*In which you learn how to spin an object around the origin.*

Rotation is more complex than scaling and translating, especially when you are rotating in three dimensions. For the time being, you will restrict yourself to 2D rotations.

The first step in inventing the mathematics behind rotation is to recognize that a point \(p\) can be expressed either in Cartesian coordinates or in polar coordinates as a radius and angle:

$$ \begin{align*} p &= \begin{bmatrix}x & y\end{bmatrix} &\leftarrow \text{Cartesian}\\ &= (r, a) &\leftarrow \text{polar} \end{align*} $$

The following sequence illustrates how Cartesian coordinates and polar coordinates relate:

Trigonometry tells us that these the Cartesian coordinates and polar coordinates have this relationship:

$$ \begin{aligned} x &= r \cdot \cos a \\ y &= r \cdot \sin a \end{aligned} $$

You don't have do anything with these equations yet. Just remember that if you have a point's polar coordinates, you can turn them into Cartesian coordinates with sine and cosine.

Here then is the problem of rotation. You have an existing point \(p\), and you want to rotate it \(b\) radians to compute the rotated point \(p'\). In polar coordinates, \(p'\) is a lot like \(p\); it's just rotated a bit more:

$$ \begin{aligned} p &= (r, a) \\ p' &= (r, a + b) \\ \end{aligned} $$

Now you apply your polar-to-Cartesian formulas from above to find the rotated point's Cartesian coordinates:

$$ \begin{aligned} x' &= r \cdot \cos (a + b) \\ y' &= r \cdot \sin (a + b) \\ \end{aligned} $$

Those cosine and sine of sums may be rewritten thanks to some handy trigonometric identities that you may not remember. These are the sum identities:

$$ \begin{aligned} \cos(a + b) &= \cos a \cdot \cos b - \sin a \cdot \sin b \\ \sin(a + b) &= \sin a \cdot \cos b + \cos a \cdot \sin b \end{aligned} $$

After applying the identities, you have these seemingly unhelpful equations:

$$ \begin{aligned} x' &= r \cdot (\cos a \cdot \cos b - \sin a \cdot \sin b) \\ y' &= r \cdot (\sin a \cdot \sin b + \cos a \cdot \cos b) \\ \end{aligned} $$

But wait. You can simplify a bit. First you distribute \(r\):

$$ \begin{aligned} x' &= r \cdot \cos a \cdot \cos b - r \cdot \sin a \cdot \sin b \\ y' &= r \cdot \sin a \cdot \sin b + r \cdot \cos a \cdot \cos b \\ \end{aligned} $$

Do you see that \(r \cdot \cos a\)?
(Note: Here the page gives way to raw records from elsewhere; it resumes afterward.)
(* Let $R$ be an associative ring with identity and involution $*$, and let $a\in R^{\#}\cap R^{\dagger}$. Then $a\in R^{SEP}$ if and only if $a^2a^*a^{\#}\in PE(R)$.
   Context: An involution on $R$ is a map $x\mapsto x^*$ with $(x^* )^*=x$, $(x+y)^*=x^*+y^*$, $(xy)^*=y^*x^*$. An element $a$ is Moore–Penrose invertible if there is $b$ with $aba=a$, $bab=b$, $(ab)^*=ab$, $(ba)^*=ba$; such $b$ is unique, denoted $a^{\dagger}$, and $R^{\dagger}$ is the set of such $a$. An element $a$ is group invertible if there is $b$ with $aba=a$, $bab=b$, $ab=ba$; such $b$ is unique, denoted $a^{\#}$, and $R^{\#}$ is the set of such $a$. $PE(R)=\{e\in R: e^2=e=e^*\}$ is the set of projections. For $a\in R^{\#}\cap R^{\dagger}$, $a$ is SEP if $a^*=a^{\dagger}=a^{\#}$; $R^{SEP}$ denotes the set of SEP elements. *)

theory Defs
  imports Main
begin

definition involution :: "('a::ring_1 \<Rightarrow> 'a) \<Rightarrow> bool" where
  "involution s \<longleftrightarrow> (\<forall>x. s (s x) = x) \<and> (\<forall>x y. s (x + y) = s x + s y)
      \<and> (\<forall>x y. s (x * y) = s y * s x)"

definition is_mp_inverse :: "('a::ring_1 \<Rightarrow> 'a) \<Rightarrow> 'a \<Rightarrow> 'a \<Rightarrow> bool" where
  "is_mp_inverse s a b \<longleftrightarrow> a * b * a = a \<and> b * a * b = b \<and> s (a * b) = a * b \<and> s (b * a) = b * a"

definition mp_invertible :: "('a::ring_1 \<Rightarrow> 'a) \<Rightarrow> 'a \<Rightarrow> bool" where
  "mp_invertible s a \<longleftrightarrow> (\<exists>b. is_mp_inverse s a b)"

definition mp_inv :: "('a::ring_1 \<Rightarrow> 'a) \<Rightarrow> 'a \<Rightarrow> 'a" where
  "mp_inv s a = (THE b. is_mp_inverse s a b)"

definition is_group_inverse :: "'a::ring_1 \<Rightarrow> 'a \<Rightarrow> bool" where
  "is_group_inverse a b \<longleftrightarrow> a * b * a = a \<and> b * a * b = b \<and> a * b = b * a"

definition group_invertible :: "'a::ring_1 \<Rightarrow> bool" where
  "group_invertible a \<longleftrightarrow> (\<exists>b. is_group_inverse a b)"

definition group_inv :: "'a::ring_1 \<Rightarrow> 'a" where
  "group_inv a = (THE b. is_group_inverse a b)"

definition projection :: "('a::ring_1 \<Rightarrow> 'a) \<Rightarrow> 'a \<Rightarrow> bool" where
  "projection s e \<longleftrightarrow> e * e = e \<and> e = s e"

definition SEP :: "('a::ring_1 \<Rightarrow> 'a) \<Rightarrow> 'a \<Rightarrow> bool" where
  "SEP s a \<longleftrightarrow> group_invertible a \<and> mp_invertible s a
      \<and> s a = mp_inv s a \<and> mp_inv s a = group_inv a"

end

theory Submission
  imports Defs
begin

(* Let p = a a# and c = a a* a#, so that a^2 a* a# = a c. Idempotence of a c gives c a c = c.
   In the corner ring pRp, where a is a unit with inverse a#, the element c a = a a* p is
   idempotent and has the right inverse (a\<dagger>)* a\<dagger> p, hence c a = p; so c = a# and
   a^2 a* a# = p. Self-adjointness of p makes a# the Moore-Penrose inverse of a, and then
   a* = (a# a) a* (a a#) = a# c a = a#. *)

lemma involution_mult: "involution s \<Longrightarrow> s (x * y) = s y * s x"
  by (simp add: involution_def)

lemma is_group_inverse_unique:
  fixes a b c :: "'a::ring_1"
  assumes "is_group_inverse a b" and "is_group_inverse a c"
  shows "b = c"
proof -
  have b: "a * b * a = a" "b * a * b = b" "a * b = b * a"
    and c: "a * c * a = a" "c * a * c = c" "a * c = c * a"
    using assms by (auto simp: is_group_inverse_def)
  have aab: "a * a * b = a"
    using b by (metis mult.assoc)
  have "a * b = c * a"
    using c aab by (metis mult.assoc)
  then have ab_ac: "a * b = a * c"
    using c by simp
  have "b = b * a * c"
    using b ab_ac by (metis mult.assoc)
  also have "\<dots> = c"
    using b c ab_ac by (metis mult.assoc)
  finally show ?thesis .
qed

lemma group_inv_eqI: "is_group_inverse a b \<Longrightarrow> group_inv a = b"
  unfolding group_inv_def using is_group_inverse_unique by blast

lemma is_mp_inverse_adjoint_absorb:
  assumes s: "involution s" and b: "is_mp_inverse s a b"
  shows "s a * (a * b) = s a" and "b * a * s a = s a" and "a * b * s b = s b"
proof -
  have abs: "a * b * a = a" "b * a * b = b" "s (a * b) = a * b" "s (b * a) = b * a"
    using b by (auto simp: is_mp_inverse_def)
  have "s a = s (a * b * a)" using abs by simp
  also have "\<dots> = s a * s (a * b)" by (rule involution_mult[OF s])
  finally show "s a * (a * b) = s a" using abs by simp
  have "s a = s (b * a) * s a"
    using abs involution_mult[OF s, of a "b * a"] by (simp add: mult.assoc)
  then show "b * a * s a = s a" using abs by simp
  have "s b = s b * s a * s b"
    using abs involution_mult[OF s] by (metis mult.assoc)
  also have "\<dots> = a * b * s b"
    using abs involution_mult[OF s] by metis
  finally show "a * b * s b = s b" by simp
qed

lemma is_mp_inverse_unique:
  assumes s: "involution s" and "is_mp_inverse s a b" and "is_mp_inverse s a c"
  shows "b = c"
proof -
  have b: "a * b * a = a" "b * a * b = b" "s (a * b) = a * b" "s (b * a) = b * a"
    and c: "a * c * a = a" "c * a * c = c" "s (a * c) = a * c" "s (c * a) = c * a"
    using assms by (auto simp: is_mp_inverse_def)
  note absorb_c = is_mp_inverse_adjoint_absorb[OF s assms(3)]
  have "a * b = s b * s a"
    using b by (simp add: involution_mult[OF s])
  also have "\<dots> = s b * s a * (a * c)"
    using absorb_c(1) by (simp add: mult.assoc)
  also have "\<dots> = a * c"
    using b involution_mult[OF s] by (metis mult.assoc)
  finally have ab_ac: "a * b = a * c" .
  have "b * a = s a * s b"
    using b by (simp add: involution_mult[OF s])
  also have "\<dots> = c * a * (s a * s b)"
    using absorb_c(2) by (metis mult.assoc)
  also have "\<dots> = c * a"
    using b c by (simp add: involution_mult[OF s, symmetric] mult.assoc)
  finally have ba_ca: "b * a = c * a" .
  show ?thesis
    using b(2) c(2) ab_ac ba_ca by (metis mult.assoc)
qed

lemma mp_inv_eqI: "involution s \<Longrightarrow> is_mp_inverse s a b \<Longrightarrow> mp_inv s a = b"
  unfolding mp_inv_def using is_mp_inverse_unique by blast

lemma group_inverse_is_mp_inverse:
  assumes "is_group_inverse a g" and "s (a * g) = a * g"
  shows "is_mp_inverse s a g"
  using assms unfolding is_group_inverse_def is_mp_inverse_def by metis

lemma idempotent_imp_mult_adjoint_group_inverse_eq:
  assumes s: "involution s" and g: "is_group_inverse a g" and m: "is_mp_inverse s a m"
    and idem: "a * a * s a * g * (a * a * s a * g) = a * a * s a * g"
  shows "a * s a * g = g"
proof -
  define p where "p = a * g"
  define c where "c = a * s a * g"
  have aga: "a * g * a = a" and gag: "g * a * g = g" and comm: "g * a = a * g"
    using g by (auto simp: is_group_inverse_def)
  have ap: "a * p = a"
    using aga by (metis p_def comm mult.assoc)
  have pg: "p * g = g"
    using gag by (simp add: p_def comm flip: mult.assoc)
  have gaa: "g * (a * (a * z)) = a * z" for z
    using aga comm by (metis mult.assoc)
  have "c * a * c = g * a * a * s a * g * (a * a * s a * g)"
    by (simp add: c_def gaa mult.assoc)
  also have "\<dots> = g * a * a * s a * g"
    using idem by (simp add: mult.assoc)
  also have "\<dots> = c"
    using aga by (simp add: c_def comm flip: mult.assoc)
  finally have cac: "c * a * c = c" .
  have psm: "p * s m = s m"
    using is_mp_inverse_adjoint_absorb(3)[OF s m] aga by (metis p_def mult.assoc)
  have "c * a * (s m * m * p) = a * s a * (p * s m) * m * p"
    by (simp add: c_def p_def comm mult.assoc)
  also have "\<dots> = a * s (m * a) * m * p"
    by (simp add: psm involution_mult[OF s] mult.assoc)
  also have "\<dots> = p"
    using m by (simp add: is_mp_inverse_def p_def flip: mult.assoc)
  finally have right_inv: "c * a * (s m * m * p) = p" .
  have "c * a = c * a * p"
    using ap by (simp add: mult.assoc)
  also have "\<dots> = c * a * (c * a * (s m * m * p))"
    by (simp only: right_inv)
  also have "\<dots> = c * a * c * a * (s m * m * p)"
    by (simp only: mult.assoc)
  also have "\<dots> = p"
    using cac right_inv by simp
  finally have "c * a = p" .
  moreover have "c = c * a * g"
    using gag by (simp add: c_def mult.assoc)
  ultimately have "c = p * g"
    by simp
  then show ?thesis
    using pg c_def by simp
qed

lemma group_mp_inverse_adjoint_eq:
  assumes s: "involution s" and g: "is_group_inverse a g" and "is_mp_inverse s a g"
    and "a * s a * g = g"
  shows "s a = g"
proof -
  have comm: "a * g = g * a"
    using g by (simp add: is_group_inverse_def)
  note absorb = is_mp_inverse_adjoint_absorb[OF s assms(3)]
  have "s a = g * a * s a * (a * g)"
    using absorb(1,2) by (simp add: mult.assoc)
  also have "\<dots> = g * (a * s a * g) * a"
    using comm by (simp add: mult.assoc)
  also have "\<dots> = g"
    using assms(4) g comm unfolding is_group_inverse_def by (metis mult.assoc)
  finally show ?thesis .
qed

theorem corollary2p7:
  fixes s :: "'a::ring_1 \<Rightarrow> 'a" and a :: 'a
  assumes "involution s"
    and "group_invertible a" and "mp_invertible s a"
  shows "SEP s a \<longleftrightarrow> projection s (a ^ 2 * s a * group_inv a)"
proof -
  obtain g where g: "is_group_inverse a g"
    using assms(2) group_invertible_def by blast
  obtain m where m: "is_mp_inverse s a m"
    using assms(3) mp_invertible_def by blast
  define e where "e = a * a * s a * g"
  have sep_iff: "SEP s a \<longleftrightarrow> s a = g \<and> m = g"
    using assms group_inv_eqI[OF g] mp_inv_eqI[OF assms(1) m] by (auto simp: SEP_def)
  have "SEP s a \<longleftrightarrow> projection s e"
  proof
    assume "SEP s a"
    then have "s a = g" and "m = g"
      using sep_iff by auto
    have "e = a * g"
      using g \<open>s a = g\<close> unfolding is_group_inverse_def e_def by (metis mult.assoc)
    moreover have "s (a * g) = a * g"
      using m \<open>m = g\<close> by (simp add: is_mp_inverse_def)
    moreover have "a * g * (a * g) = a * g"
      using g by (simp add: is_group_inverse_def flip: mult.assoc)
    ultimately show "projection s e"
      by (simp add: projection_def)
  next
    assume "projection s e"
    then have "e * e = e" and "s e = e"
      by (simp_all add: projection_def)
    have "a * s a * g = g"
      using idempotent_imp_mult_adjoint_group_inverse_eq[OF assms(1) g m] \<open>e * e = e\<close> by (simp add: e_def)
    then have "e = a * g"
      by (simp add: e_def mult.assoc)
    then have "is_mp_inverse s a g"
      using g \<open>s e = e\<close> by (simp add: group_inverse_is_mp_inverse)
    then show "SEP s a"
      using sep_iff is_mp_inverse_unique[OF assms(1) m] group_mp_inverse_adjoint_eq[OF assms(1) g]
        \<open>a * s a * g = g\<close> by blast
  qed
  then show ?thesis
    by (simp add: e_def group_inv_eqI[OF g] power2_eq_square)
qed

end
You know what that is? That's \(x\). You saw it earlier. And \(r \cdot \sin a\) is \(y\). You substitute these in:

$$ \begin{aligned} x' &= x \cdot \cos b - y \cdot \sin b \\ y' &= x \cdot \sin b + y \cdot \cos b \end{aligned} $$

And those are your equations for rotating. You combine the x- and y-coordinates of the original position together with some trigonometric functions.

In GLSL, you can give \(b\) a more meaningful name, like `radians`

. The equations then translate into this vertex shader:

```
uniform float radians;
in vec3 position;
void main() {
gl_Position = vec4(
position.x * cos(radians) - position.y * sin(radians),
position.x * sin(radians) + position.y * cos(radians),
position.z,
1.0
);
}
```

On the CPU side, we supply a value for `radians`

, which is a scalar:

`shaderProgram.setUniform1f('radians', 0.1);`

Try adding rotation to one of your renderers.